Z drugiej strony nic dziwnego, bowiem Draymond wykonał ogromny skok jakościowy między sezonem 2013-14 a 2014-15. Green awansował w hierarchii drużyny do roli startera i zdecydowanie wygrał rywalizację o startową piątkę z Davidem Lee. Dodatkowo , znacząco rozwinął swoje umiejętności defensywe oraz stał się bardziej wszechstronnym zawodnikiem, w ataku (dołożył rzut za trzy punkty). Nic też dziwnego , że został wybrany do Najlepszej Defensywnej Piątki sezonu. Silny skrzydłowy Warriors był też wysoko w głosowaniu na nagrodę dla gracza z Największym Postępem (drugi).

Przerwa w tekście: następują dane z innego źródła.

text \<open>Product of basis elements: (v1,n1,t1) \<circ> (v2,n2,t2) = (v2,n2, t2 \<rhd>_{v1,n1} t1),
  where the vertex v2 of t2 is taken as the corresponding vertex of the grafted tree,
  namely the path v1 @ [n1-1] @ v2.\<close>
definition mpt_comp0 :: "mpt \<Rightarrow> mpt \<Rightarrow> mpt" where
  "mpt_comp0 a b = (case (rep_mpt a, rep_mpt b) of
     ((v1, n1, t1), (v2, n2, t2)) \<Rightarrow> abs_mpt (v1 @ [n1 - 1] @ v2, n2, graft t2 v1 n1 t1))"

definition mpt_comp :: "(mpt \<Rightarrow>\<^sub>0 'k::field) \<Rightarrow> (mpt \<Rightarrow>\<^sub>0 'k) \<Rightarrow> (mpt \<Rightarrow>\<^sub>0 'k)" where
  "mpt_comp a b = (\<Sum>x\<in>Poly_Mapping.keys a. \<Sum>y\<in>Poly_Mapping.keys b.
       Poly_Mapping.single (mpt_comp0 x y) (Poly_Mapping.lookup a x * Poly_Mapping.lookup b y))"

definition fscale :: "'k::field \<Rightarrow> ('a \<Rightarrow>\<^sub>0 'k) \<Rightarrow> ('a \<Rightarrow>\<^sub>0 'k)" where
  "fscale c f = Poly_Mapping.map (\<lambda>x. c * x) f"

definition mpt_commutators :: "(mpt \<Rightarrow>\<^sub>0 'k::field) set" where
  "mpt_commutators = module.span fscale {mpt_comp a b - mpt_comp b a | a b. True}"

text \<open>A (concrete) planar aroma graph: a finite nonempty vertex set V (vertex names drawn
  from the countably infinite type nat list) and for each vertex the ordered list of targets
  of its outgoing edges.\<close>
type_synonym pgraph = "nat list set \<times> (nat list \<Rightarrow> nat list list)"

definition pg_edges :: "pgraph \<Rightarrow> (nat list \<times> nat list) set" where
  "pg_edges G = {(x, y). x \<in> fst G \<and> y \<in> set (snd G x)}"

definition raw_aroma :: "pgraph \<Rightarrow> bool" where
  "raw_aroma G \<longleftrightarrow> (case G of (V, ch) \<Rightarrow>
      finite V \<and> V \<noteq> {}
    \<and> (\<forall>x\<in>V. set (ch x) \<subseteq> V)
    \<and> (\<forall>x. x \<notin> V \<longrightarrow> ch x = [])
    \<and> (\<forall>y\<in>V. (\<Sum>x\<in>V. count_list (ch x) y) = 1)
    \<and> (\<forall>x\<in>V. \<forall>y\<in>V. (x, y) \<in> (pg_edges G \<union> (pg_edges G)\<inverse>)\<^sup>*))"

definition pg_iso :: "pgraph \<Rightarrow> pgraph \<Rightarrow> bool" where
  "pg_iso G H \<longleftrightarrow> (\<exists>f. bij_betw f (fst G) (fst H) \<and>
      (\<forall>x\<in>fst G. snd H (f x) = map f (snd G x)))"

definition aroma_class :: "pgraph \<Rightarrow> pgraph set" where
  "aroma_class G = {H. raw_aroma H \<and> pg_iso G H}"

definition loop_graph :: pgraph where
  "loop_graph = ({[]}, \<lambda>x. if x = [] then [[]] else [])"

Statystyki Greena z sezonu zasadniczego oscylowały wokół 12 punktów i 8 zbiórek oraz 4 asyst. W play off jego cyferki poszły w górę do 14 pkt, 10 zb i 5 as. Dla niektórych fanów Warriors wysoki kontrakt Greena był mocno spodziewany, gdyż już wcześniej właściciele klubu zapowiadali, iż nie zamierzają rezygnować z usług rozwiajającego się gracza i zapłacą każde pieniądze by pozostawić go w Mistrzowskiej drużynie. Jak powiedzieli, tak zrobili, Green był i jest ich priorytetem na off-season 2015.

Komentarze do wpisu: “Draymond Green porozumiał się z Warriors

  1. Fatalnie, szkoda że nie wrócił do Michigan. vGundy jak narazie śpi od wczoraj a wszyscy, którym byli zainteresowani podpisują w innych zespołach. Chyba tylko Harris został, lipa ja na razie.

    1. ja uważam, że nie śpi. Jak w podsumowaniu naszym o Pistons on praktycznie już nikogo nie potrzebuje. Line Up Jackson/Jennings – KCP – Johnson – Ilyasova – Drummond jest pełny.

    2. GSW jest lepszą drużyną dla niego Pistons to teraz słaba, drużyna i w tym sezonie raczej też tak będzie.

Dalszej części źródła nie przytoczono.